▶ Directions for this task: Word for word, restate the records that appear below.

▶ Data:
text \<open>R_0(w)^s = (H_0 - w)^(-s) via functional calculus (principal branch),
  acting as a multiplication operator\<close>
definition res_pow :: "real \<Rightarrow> real \<Rightarrow> complex \<Rightarrow> real \<Rightarrow> 'd::finite fock \<Rightarrow> 'd fock" where
  "res_pow mb mf w s Phi = (\<lambda>n m c.
      (complex_of_real (energy mb mf n m c) - w) powr (complex_of_real (- s)) * Phi n m c)"

definition ins :: "nat \<Rightarrow> real^'d::finite \<Rightarrow> (nat \<Rightarrow> real^'d) \<Rightarrow> nat \<Rightarrow> real^'d" where
  "ins n q x = (\<lambda>i. if i = 0 then q else if i \<le> n then x (i - 1) else undefined)"

definition ann_a :: "'d::finite fock \<Rightarrow> real^'d \<Rightarrow> 'd fock" where
  "ann_a Phi q = (\<lambda>n m c. complex_of_real (sqrt (real (n + 1))) * Phi (n + 1) m (ins n q (fst c), snd c))"

definition ann_b :: "'d::finite fock \<Rightarrow> real^'d \<Rightarrow> 'd fock" where
  "ann_b Phi k = (\<lambda>n m c. complex_of_real (sqrt (real (m + 1))) * Phi n (m + 1) (fst c, ins m k (snd c)))"

end

theory Submission
  imports Defs
begin

text \<open>Both resolvent arguments have real part at least \<open>\<omega>(q) + E + |Re z|\<close>, where \<open>E\<close> is the
  free energy of the particles left after the annihilation; since \<open>2(\<delta>+\<gamma>) - 1 \<ge> 0\<close> this bounds
  the weighted integrand, sector by sector, by \<open>(n+1) \<omega>(q) / (\<omega>(q) + E + |Re z|) |\<Psi>|\<^sup>2\<close>. After integrating over \<open>q\<close>, permutation symmetry of
  \<open>|\<Psi>|\<^sup>2\<close> spreads the factor \<open>(n+1) \<omega>(q)\<close> over all \<open>n+1\<close> bosons, giving the total energy
  \<open>S\<close> of the configuration, and \<open>S / (S + E' + |Re z|) \<le> 1\<close>. The fermionic bound is the bosonic
  one for the vector with the two species exchanged: antisymmetry still makes \<open>|\<Psi>|\<^sup>2\<close> symmetric.\<close>

lemma measurable_PiM_permute:
  assumes "\<sigma> permutes I"
  shows "(\<lambda>x. x \<circ> \<sigma>) \<in> measurable (PiM I (\<lambda>_. M)) (PiM I (\<lambda>_. M))"
proof (rule measurable_PiM_single')
  fix i assume "i \<in> I"
  then show "(\<lambda>x. (x \<circ> \<sigma>) i) \<in> measurable (PiM I (\<lambda>_. M)) M"
    using assms by (simp add: permutes_in_image)
qed (use assms in \<open>auto simp: space_PiM PiE_def extensional_def permutes_in_image permutes_not_in\<close>)

lemma distr_PiM_permute:
  assumes "sigma_finite_measure M" and "finite I" and \<sigma>: "\<sigma> permutes I"
  shows "distr (PiM I (\<lambda>_. M)) (PiM I (\<lambda>_. M)) (\<lambda>x. x \<circ> \<sigma>) = PiM I (\<lambda>_. M)"
proof -
  interpret product_sigma_finite "\<lambda>_. M"
    using assms(1) by (simp add: product_sigma_finite_def)
  show ?thesis
  proof (rule PiM_eqI[OF \<open>finite I\<close>])
    fix A assume A: "\<And>i. i \<in> I \<Longrightarrow> A i \<in> sets M"
    have inv: "inv \<sigma> permutes I"
      using \<sigma> by (rule permutes_inv)
    have A': "\<And>j. j \<in> I \<Longrightarrow> A (inv \<sigma> j) \<in> sets M"
      using A inv by (simp add: permutes_in_image)
    have \<sigma>_inv: "\<sigma> (inv \<sigma> j) = j" "inv \<sigma> (\<sigma> j) = j" for j
      using permutes_inverses[OF \<sigma>] by auto
    have "x \<circ> \<sigma> \<in> Pi\<^sub>E I A \<longleftrightarrow> x \<in> Pi\<^sub>E I (\<lambda>j. A (inv \<sigma> j))"
      if "x \<in> space (PiM I (\<lambda>_. M))" for x
    proof -
      have "(\<forall>i\<in>I. x (\<sigma> i) \<in> A i) \<longleftrightarrow> (\<forall>j\<in>I. x j \<in> A (inv \<sigma> j))"
        using \<sigma> inv \<sigma>_inv by (metis permutes_in_image)
      moreover have "x \<circ> \<sigma> \<in> extensional I"
        using that \<sigma> by (auto simp: space_PiM PiE_def extensional_def permutes_not_in)
      ultimately show ?thesis
        using that by (auto simp: space_PiM PiE_def Pi_iff)
    qed
    moreover have "Pi\<^sub>E I (\<lambda>j. A (inv \<sigma> j)) \<subseteq> space (PiM I (\<lambda>_. M))"
      using sets.sets_into_space[OF A'] by (auto simp: space_PiM)
    ultimately have "(\<lambda>x. x \<circ> \<sigma>) -` Pi\<^sub>E I A \<inter> space (PiM I (\<lambda>_. M)) = Pi\<^sub>E I (\<lambda>j. A (inv \<sigma> j))"
      by blast
    then have "emeasure (distr (PiM I (\<lambda>_. M)) (PiM I (\<lambda>_. M)) (\<lambda>x. x \<circ> \<sigma>)) (Pi\<^sub>E I A)
        = (\<Prod>j\<in>I. emeasure M (A (inv \<sigma> j)))"
      using A A' \<open>finite I\<close> measurable_PiM_permute[OF \<sigma>]
      by (subst emeasure_distr) (auto simp: emeasure_PiM intro!: sets_PiM_I_finite)
    also have "\<dots> = (\<Prod>i\<in>I. emeasure M (A i))"
      using prod.permute[OF inv, of "\<lambda>i. emeasure M (A i)"] by (simp add: comp_def)
    finally show "emeasure (distr (PiM I (\<lambda>_. M)) (PiM I (\<lambda>_. M)) (\<lambda>x. x \<circ> \<sigma>)) (Pi\<^sub>E I A)
        = (\<Prod>i\<in>I. emeasure M (A i))" .
  qed simp
qed

lemma nn_integral_PiM_permute:
  assumes "sigma_finite_measure M" and "finite I" and "\<sigma> permutes I"
    and "f \<in> borel_measurable (PiM I (\<lambda>_. M))"
  shows "(\<integral>\<^sup>+x. f (x \<circ> \<sigma>) \<partial>PiM I (\<lambda>_. M)) = (\<integral>\<^sup>+x. f x \<partial>PiM I (\<lambda>_. M))"
  using nn_integral_distr[OF measurable_PiM_permute[OF assms(3), of M], of f] assms
  by (simp add: distr_PiM_permute)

▶ Task solution:
text \<open>R_0(w)^s = (H_0 - w)^(-s) via functional calculus (principal branch),
  acting as a multiplication operator\<close>
definition res_pow :: "real \<Rightarrow> real \<Rightarrow> complex \<Rightarrow> real \<Rightarrow> 'd::finite fock \<Rightarrow> 'd fock" where
  "res_pow mb mf w s Phi = (\<lambda>n m c.
      (complex_of_real (energy mb mf n m c) - w) powr (complex_of_real (- s)) * Phi n m c)"

definition ins :: "nat \<Rightarrow> real^'d::finite \<Rightarrow> (nat \<Rightarrow> real^'d) \<Rightarrow> nat \<Rightarrow> real^'d" where
  "ins n q x = (\<lambda>i. if i = 0 then q else if i \<le> n then x (i - 1) else undefined)"

definition ann_a :: "'d::finite fock \<Rightarrow> real^'d \<Rightarrow> 'd fock" where
  "ann_a Phi q = (\<lambda>n m c. complex_of_real (sqrt (real (n + 1))) * Phi (n + 1) m (ins n q (fst c), snd c))"

definition ann_b :: "'d::finite fock \<Rightarrow> real^'d \<Rightarrow> 'd fock" where
  "ann_b Phi k = (\<lambda>n m c. complex_of_real (sqrt (real (m + 1))) * Phi n (m + 1) (fst c, ins m k (snd c)))"

end

theory Submission
  imports Defs
begin

text \<open>Both resolvent arguments have real part at least \<open>\<omega>(q) + E + |Re z|\<close>, where \<open>E\<close> is the
  free energy of the particles left after the annihilation; since \<open>2(\<delta>+\<gamma>) - 1 \<ge> 0\<close> this bounds
  the weighted integrand, sector by sector, by \<open>(n+1) \<omega>(q) / (\<omega>(q) + E + |Re z|) |\<Psi>|\<^sup>2\<close>. After integrating over \<open>q\<close>, permutation symmetry of
  \<open>|\<Psi>|\<^sup>2\<close> spreads the factor \<open>(n+1) \<omega>(q)\<close> over all \<open>n+1\<close> bosons, giving the total energy
  \<open>S\<close> of the configuration, and \<open>S / (S + E' + |Re z|) \<le> 1\<close>. The fermionic bound is the bosonic
  one for the vector with the two species exchanged: antisymmetry still makes \<open>|\<Psi>|\<^sup>2\<close> symmetric.\<close>

lemma measurable_PiM_permute:
  assumes "\<sigma> permutes I"
  shows "(\<lambda>x. x \<circ> \<sigma>) \<in> measurable (PiM I (\<lambda>_. M)) (PiM I (\<lambda>_. M))"
proof (rule measurable_PiM_single')
  fix i assume "i \<in> I"
  then show "(\<lambda>x. (x \<circ> \<sigma>) i) \<in> measurable (PiM I (\<lambda>_. M)) M"
    using assms by (simp add: permutes_in_image)
qed (use assms in \<open>auto simp: space_PiM PiE_def extensional_def permutes_in_image permutes_not_in\<close>)

lemma distr_PiM_permute:
  assumes "sigma_finite_measure M" and "finite I" and \<sigma>: "\<sigma> permutes I"
  shows "distr (PiM I (\<lambda>_. M)) (PiM I (\<lambda>_. M)) (\<lambda>x. x \<circ> \<sigma>) = PiM I (\<lambda>_. M)"
proof -
  interpret product_sigma_finite "\<lambda>_. M"
    using assms(1) by (simp add: product_sigma_finite_def)
  show ?thesis
  proof (rule PiM_eqI[OF \<open>finite I\<close>])
    fix A assume A: "\<And>i. i \<in> I \<Longrightarrow> A i \<in> sets M"
    have inv: "inv \<sigma> permutes I"
      using \<sigma> by (rule permutes_inv)
    have A': "\<And>j. j \<in> I \<Longrightarrow> A (inv \<sigma> j) \<in> sets M"
      using A inv by (simp add: permutes_in_image)
    have \<sigma>_inv: "\<sigma> (inv \<sigma> j) = j" "inv \<sigma> (\<sigma> j) = j" for j
      using permutes_inverses[OF \<sigma>] by auto
    have "x \<circ> \<sigma> \<in> Pi\<^sub>E I A \<longleftrightarrow> x \<in> Pi\<^sub>E I (\<lambda>j. A (inv \<sigma> j))"
      if "x \<in> space (PiM I (\<lambda>_. M))" for x
    proof -
      have "(\<forall>i\<in>I. x (\<sigma> i) \<in> A i) \<longleftrightarrow> (\<forall>j\<in>I. x j \<in> A (inv \<sigma> j))"
        using \<sigma> inv \<sigma>_inv by (metis permutes_in_image)
      moreover have "x \<circ> \<sigma> \<in> extensional I"
        using that \<sigma> by (auto simp: space_PiM PiE_def extensional_def permutes_not_in)
      ultimately show ?thesis
        using that by (auto simp: space_PiM PiE_def Pi_iff)
    qed
    moreover have "Pi\<^sub>E I (\<lambda>j. A (inv \<sigma> j)) \<subseteq> space (PiM I (\<lambda>_. M))"
      using sets.sets_into_space[OF A'] by (auto simp: space_PiM)
    ultimately have "(\<lambda>x. x \<circ> \<sigma>) -` Pi\<^sub>E I A \<inter> space (PiM I (\<lambda>_. M)) = Pi\<^sub>E I (\<lambda>j. A (inv \<sigma> j))"
      by blast
    then have "emeasure (distr (PiM I (\<lambda>_. M)) (PiM I (\<lambda>_. M)) (\<lambda>x. x \<circ> \<sigma>)) (Pi\<^sub>E I A)
        = (\<Prod>j\<in>I. emeasure M (A (inv \<sigma> j)))"
      using A A' \<open>finite I\<close> measurable_PiM_permute[OF \<sigma>]
      by (subst emeasure_distr) (auto simp: emeasure_PiM intro!: sets_PiM_I_finite)
    also have "\<dots> = (\<Prod>i\<in>I. emeasure M (A i))"
      using prod.permute[OF inv, of "\<lambda>i. emeasure M (A i)"] by (simp add: comp_def)
    finally show "emeasure (distr (PiM I (\<lambda>_. M)) (PiM I (\<lambda>_. M)) (\<lambda>x. x \<circ> \<sigma>)) (Pi\<^sub>E I A)
        = (\<Prod>i\<in>I. emeasure M (A i))" .
  qed simp
qed

lemma nn_integral_PiM_permute:
  assumes "sigma_finite_measure M" and "finite I" and "\<sigma> permutes I"
    and "f \<in> borel_measurable (PiM I (\<lambda>_. M))"
  shows "(\<integral>\<^sup>+x. f (x \<circ> \<sigma>) \<partial>PiM I (\<lambda>_. M)) = (\<integral>\<^sup>+x. f x \<partial>PiM I (\<lambda>_. M))"
  using nn_integral_distr[OF measurable_PiM_permute[OF assms(3), of M], of f] assms
  by (simp add: distr_PiM_permute)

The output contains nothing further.